=== Exercise description ===
Provide again, from the entries below, every line from the one containing "(\<forall>x\<in>U. \<forall>v. ((\<lambda>y." through the one containing "deriv (\<lambda>t. f", exactly as written, and no other line.
══════════
(* Let $M$ be a $C^2$ manifold with a Koszul connection $\nabla$ (on $TM$, extended to tensor fields by the Leibniz rule), and let $A$ be a $C^2$ covariant symmetric tensor field on $M$ of some rank that vanishes at no point of $M$. If $\nabla\big(\mathrm{Sym}(A\otimes A)\big)=0$ everywhere on $M$, then $\nabla A=0$ everywhere on $M$.
   Context: $\mathrm{Sym}$ denotes symmetrization of covariant tensors: $\mathrm{Sym}(C)=\frac1{k!}\sum_{\sigma\in P(k)}\sigma(C)$ with $(\sigma C)(v_1,\dots,v_k)=C(v_{\sigma(1)},\dots,v_{\sigma(k)})$. *)

theory Defs
  imports "HOL-Analysis.Analysis"
begin

text \<open>Local-coordinate model. Points of a chart domain U (open in real^'n).
A covariant tensor field T of rank r is given by its components
T x js = T_x(e_{js!0},...,e_{js!(r-1)}) for index lists js of length r.\<close>

definition C2_on :: "('a::euclidean_space) set \<Rightarrow> ('a \<Rightarrow> real) \<Rightarrow> bool" where
  "C2_on U f \<longleftrightarrow> (\<exists>Df D2f.
      (\<forall>x\<in>U. (f has_derivative Df x) (at x)) \<and>
      (\<forall>x\<in>U. \<forall>v. ((\<lambda>y. Df y v) has_derivative D2f x v) (at x)) \<and>
      (\<forall>v w. continuous_on U (\<lambda>x. D2f x v w)))"

definition partial_deriv :: "(real^'n \<Rightarrow> real) \<Rightarrow> 'n \<Rightarrow> real^'n \<Rightarrow> real" where
  "partial_deriv f i x = deriv (\<lambda>t. f (x + t *\<^sub>R axis i 1)) 0"

definition tensor_prod :: "nat \<Rightarrow> ('n list \<Rightarrow> real) \<Rightarrow> ('n list \<Rightarrow> real) \<Rightarrow> 'n list \<Rightarrow> real" where
  "tensor_prod r S T js = S (take r js) * T (drop r js)"

definition perm_idx :: "nat \<Rightarrow> (nat \<Rightarrow> nat) \<Rightarrow> 'n list \<Rightarrow> 'n list" where
  "perm_idx r \<sigma> js = map (\<lambda>i. js ! \<sigma> i) [0..<r]"

definition Sym :: "nat \<Rightarrow> ('n list \<Rightarrow> real) \<Rightarrow> 'n list \<Rightarrow> real" where
  "Sym r C js = (1 / fact r) * (\<Sum>\<sigma>\<in>{\<sigma>. \<sigma> permutes {..<r}}. C (perm_idx r \<sigma> js))"

definition symmetric_tensor :: "nat \<Rightarrow> ('n list \<Rightarrow> real) \<Rightarrow> bool" where
  "symmetric_tensor r C \<longleftrightarrow> (\<forall>js \<sigma>. length js = r \<longrightarrow> \<sigma> permutes {..<r} \<longrightarrow> C (perm_idx r \<sigma> js) = C js)"

text \<open>Koszul connection in coordinates: nabla_{d_i} d_j = sum_l Gamma x i j l d_l.\<close>
definition cov_deriv :: "(real^'n \<Rightarrow> 'n \<Rightarrow> 'n \<Rightarrow> 'n \<Rightarrow> real) \<Rightarrow> (real^'n \<Rightarrow> 'n list \<Rightarrow> real)
      \<Rightarrow> real^'n \<Rightarrow> 'n \<Rightarrow> 'n list \<Rightarrow> real" where
  "cov_deriv \<Gamma> T x i js = partial_deriv (\<lambda>y. T y js) i x
      - (\<Sum>m<length js. \<Sum>l\<in>UNIV. \<Gamma> x i (js ! m) l * T x (js[m := l]))"

end

theory Submission
  imports Defs "HOL-Combinatorics.Permutations"
begin

text \<open>
  Identify a covariant r-tensor T with its polynomial P_T(v) = T(v, ..., v). Symmetrization
  does not change P_T, and P_(A (x) A) = P_A^2, so P_Sym(A (x) A) = P_A^2. Along a coordinate
  line, the polynomial of the covariant derivative nabla_i T is the derivative of P_T minus a
  connection term that acts on P_T as a derivation in v; hence
  P_(nabla_i Sym(A (x) A)) = 2 P_A P_(nabla_i A), and the hypothesis makes this product vanish
  identically. As A is symmetric and nonzero, P_A is nonzero on a nonempty open set, where
  P_(nabla_i A) must then vanish. Finally nabla_i A is symmetric, and a symmetric tensor whose
  polynomial vanishes on an open set is zero: differentiating in a direction u gives, by
  polarization, the polynomial of the contraction of the tensor with u, so induction on the
  rank applies.
\<close>

definition tensor_apply :: "nat \<Rightarrow> ('n::finite list \<Rightarrow> real) \<Rightarrow> (nat \<Rightarrow> real^'n) \<Rightarrow> real" where
  "tensor_apply r T vs = (\<Sum>js | length js = r. T js * (\<Prod>p<r. vs p $ (js ! p)))"

abbreviation tensor_poly :: "nat \<Rightarrow> ('n::finite list \<Rightarrow> real) \<Rightarrow> real^'n \<Rightarrow> real" where
  "tensor_poly r T v \<equiv> tensor_apply r T (\<lambda>_. v)"

definition tensor_poly_deriv :: "nat \<Rightarrow> ('n::finite list \<Rightarrow> real) \<Rightarrow> real^'n \<Rightarrow> real^'n \<Rightarrow> real" where
  "tensor_poly_deriv r T v w = (\<Sum>m<r. tensor_apply r T ((\<lambda>_. v)(m := w)))"

lemma finite_lists_length_eq_UNIV [simp]: "finite {js :: 'n::finite list. length js = r}"
  using finite_lists_length_eq[of "UNIV :: 'n set" r] by simp

lemma tensor_apply_eq_0:
  assumes "\<And>js. length js = r \<Longrightarrow> T js = 0"
  shows "tensor_apply r T vs = 0"
  using assms unfolding tensor_apply_def by (intro sum.neutral) auto

lemma tensor_apply_diff:
  "tensor_apply r (\<lambda>js. S js - T js) vs = tensor_apply r S vs - tensor_apply r T vs"
  unfolding tensor_apply_def by (simp add: left_diff_distrib sum_subtractf)

lemma tensor_apply_0: "tensor_apply 0 T vs = T []"
proof -
  have "{js. length js = 0} = {[]}" by auto
  then show ?thesis by (simp add: tensor_apply_def)
qed

section \<open>Symmetrization and tensor products\<close>

lemma length_perm_idx [simp]: "length (perm_idx r \<sigma> js) = r"
  by (simp add: perm_idx_def)

lemma nth_perm_idx [simp]: "p < r \<Longrightarrow> perm_idx r \<sigma> js ! p = js ! \<sigma> p"
  by (simp add: perm_idx_def)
══════════
=== Response to the task ===
      (\<forall>x\<in>U. \<forall>v. ((\<lambda>y. Df y v) has_derivative D2f x v) (at x)) \<and>
      (\<forall>v w. continuous_on U (\<lambda>x. D2f x v w)))"

definition partial_deriv :: "(real^'n \<Rightarrow> real) \<Rightarrow> 'n \<Rightarrow> real^'n \<Rightarrow> real" where
  "partial_deriv f i x = deriv (\<lambda>t. f (x + t *\<^sub>R axis i 1)) 0"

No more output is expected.